As for Macao, it has embarked on a new phase of development, led by the development of non-gaming components as it wants to boost tourism from different perspectives.

Ho herself has been actively promoting Macao’s cultural tourism, with MGM having set up a major permanent art collection called the Chairman’s Collection which will be hosted at MGM Cotai. “The Chairman’s Collection is another of our initiatives used for organizing one or two major arts events a year. We don’t get to keep that in our property, so many of visitors have failed to see a particular exhibition. It would be nice we can then at least have our own collection and, starting with that, we can now work on a permanent basis of life art.”

A pioneering father who helped put Macao on the map

Being born with a silver spoon in one’s mouth — is it destined to bring riches and fame?

To Pansy Ho Chiu-king — the billionaire businesswoman and daughter of Macao casino magnate Stanley Ho Hung-sun — her father does hold great sway over her. From him, she has learned to step out of her comfort zone and seize the opportunities.

She calls her father a pioneer as he was the first Macao entrepreneur who didn’t mind taking on new business ventures and did not stay put in his comfort zone.

“As you may know, my father had been in business in Macao since the days when he had to leave Hong Kong during the war (in the 1940s). I think that’s his destiny and his relationship with Macao.
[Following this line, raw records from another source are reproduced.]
lemma steady_state_unique:
  assumes mc1: "monotone_chemical Rs1 R1" and mc2: "monotone_chemical Rs2 R2"
    and x: "positive_state x" and y: "positive_state y"
    and ssx: "steady_state g1 g2 R1 R2 x" and ssy: "steady_state g1 g2 R1 R2 y"
    and inv: "same_invariant_set C v1 v2 x y"
  shows "x = y"
proof -
  have rates_x: "R1 x = R2 x" and rates_y: "R1 y = R2 y"
    using steady_state_rates_eq[OF ssx stoich_v1] steady_state_rates_eq[OF ssy stoich_v1] .
  have outside: "x s = y s" if "s \<noteq> v1" "s \<noteq> v2" for s
    using inv constant_species[of s] that unfolding same_invariant_set_def by auto
  have sum: "x v1 + x v2 = y v1 + y v2"
    using inv unfolding same_invariant_set_def by simp
  have strict: "R1 p < R1 q \<and> R2 q < R2 p"
    if p: "positive_state p" and q: "positive_state q"
      and agree: "\<And>s. s \<noteq> v1 \<Longrightarrow> s \<noteq> v2 \<Longrightarrow> p s = q s"
      and sum': "p v1 + p v2 = q v1 + q v2" and less: "p v1 < q v1" for p q
  proof
    have "\<forall>t\<in>Rs1 - {v1}. p t = q t"
      using agree v2_reactant(2) by blast
    then show "R1 p < R1 q"
      using monotone_chemical_strict_mono[OF mc1 v1_reactant(1) p q] less by blast
    have "\<forall>t\<in>Rs2 - {v2}. q t = p t"
      using agree v1_reactant(2) by (metis DiffE insertI1)
    moreover have "q v2 < p v2"
      using sum' less by linarith
    ultimately show "R2 q < R2 p"
      using monotone_chemical_strict_mono[OF mc2 v2_reactant(1) q p] by blast
  qed
  have "x v1 = y v1"
  proof (rule linorder_cases[of "x v1" "y v1"])
    assume "x v1 < y v1"
    then show ?thesis
      using strict[OF x y outside sum] rates_x rates_y by linarith
  next
    assume "y v1 < x v1"
    then show ?thesis
      using strict[OF y x outside[symmetric] sum[symmetric]] rates_x rates_y by linarith
  qed
  then show ?thesis using eq_if_same_invariant_set inv by blast
qed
But, afterward, he did come back to Hong Kong and, in fact, Hong Kong was the base of his business,” says Ho.

She recalls that when opportunities presented themselves in the 1960s, when the Portuguese government wanted to create and regulate the gaming industry to lift Macao’s tourism, her father, with no experience in this particular field, had the vision and understanding that, at that time, the emerging middle class in Hong Kong and Macao would support a market for tourism and entertainment.

With a very macro perspective, Stanley Ho went for it and had to do everything from the ground. And, it wasn’t the easiest business to go into. People might think it’s just a gold mine, but it was actually hard work, she says.
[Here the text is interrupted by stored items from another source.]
lemma dominated_insert_anisotropic:
  assumes S: "S \<subseteq> H" and e: "e \<in> H" and a: "Q e e > 0" and orth: "\<forall>x\<in>S. Q e x = 0"
    and B: "symmetric_bilinear_on H B"
    and dom: "\<forall>g\<in>span S. \<bar>B g g\<bar> \<le> C * Q g g" "C \<ge> 0"
    and dom_e: "\<forall>g\<in>span S. \<bar>B e g * B e g\<bar> \<le> D * Q g g" "D \<ge> 0"
  shows "\<exists>C'\<ge>0. \<forall>g\<in>span (insert e S). \<bar>B g g\<bar> \<le> C' * Q g g"
proof (intro exI conjI ballI)
  let ?a = "Q e e"
  define C' where "C' = C + D / ?a + 1 + \<bar>B e e\<bar> / ?a"
  show "C' \<ge> 0" using a dom(2) dom_e(2) by (simp add: C'_def)
  fix g assume "g \<in> span (insert e S)"
  then obtain k where h: "g - k *s e \<in> span S"
    by (auto simp: span_insert)
  define h where "h = g - k *s e"
  have "h \<in> {x \<in> H. Q e x = 0}"
    using span_minimal[OF _ subspace_orthogonal[OF H Q e]] S orth h h_def by blast
  then have hH: "h \<in> H" and Qeh: "Q e h = 0" by auto
  have g: "g = h + k *s e" by (simp add: h_def)
  have "\<bar>B h h + 2 * k * B e h + k\<^sup>2 * B e e\<bar> \<le> C' * (Q h h + k\<^sup>2 * ?a)"
    unfolding C'_def
  proof (rule abs_quadratic_le)
    show "\<bar>B h h\<bar> \<le> C * Q h h" using dom h h_def by blast
    show "(B e h)\<^sup>2 \<le> D * Q h h" using dom_e h h_def by (simp add: power2_eq_square)
  qed (use a dom(2) dom_e(2) psd hH in auto)
  then show "\<bar>B g g\<bar> \<le> C' * Q g g"
    unfolding g by (simp add: bilinear_square_add_scale[OF H B hH e] bilinear_square_add_scale[OF H Q hH e] Qeh)
qed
According to Pansy Ho, her father started off with real estate, making his first bucket of gold by building residential and commercial projects. “He could have just stayed on and continued, and I’m sure he could have been just as successful.”

“For me, with this unique background, of course, it’s a great blessing. At the same time, I’ve to step in and try to maintain this significant portfolio and legacy. Of course, it’ll be a challenge.”

She recalls her father having had his moments, and she should learn from him. Now, another historic moment has appeared as Macao begins to make a substantial mark on the Chinese mainland.

“I want to continue following in the footsteps of my father and contributing to this economy,” she says.

Ho says she wouldn’t tell anybody to pick just one particular area to focus on, and admits the pure thought of going into business just didn’t occur to her in her childhood.

“I had always been very good in history, geography, culture, anthropology. So, I wasn’t made out to be a businesswoman. If you look at my report card, you might speculate that, one day, I might become an archaeologist or arts curator which would more likely be my specialty.”

But, after consulting with her family, her father told her the world was entering a new era in the 1980s, with women becoming more acceptable in the commercial world, and her father wanted her to learn more about business.

So she took the advice and chose business studies as her major, but she didn’t want to give up other fields she was interested in, so she took a double major.

The end result was a Bachelor’s degree in marketing and international business management from the University of Santa Clara in the United States.

“On one hand, I’ve fulfilled my parents’ wishes and, on the other, I continue to pursue my own interests. Half-way down the line, I realized there was no collision among them because, at the end of the day, learning business is not just about making money, it’s about organization, learning how to organize things.”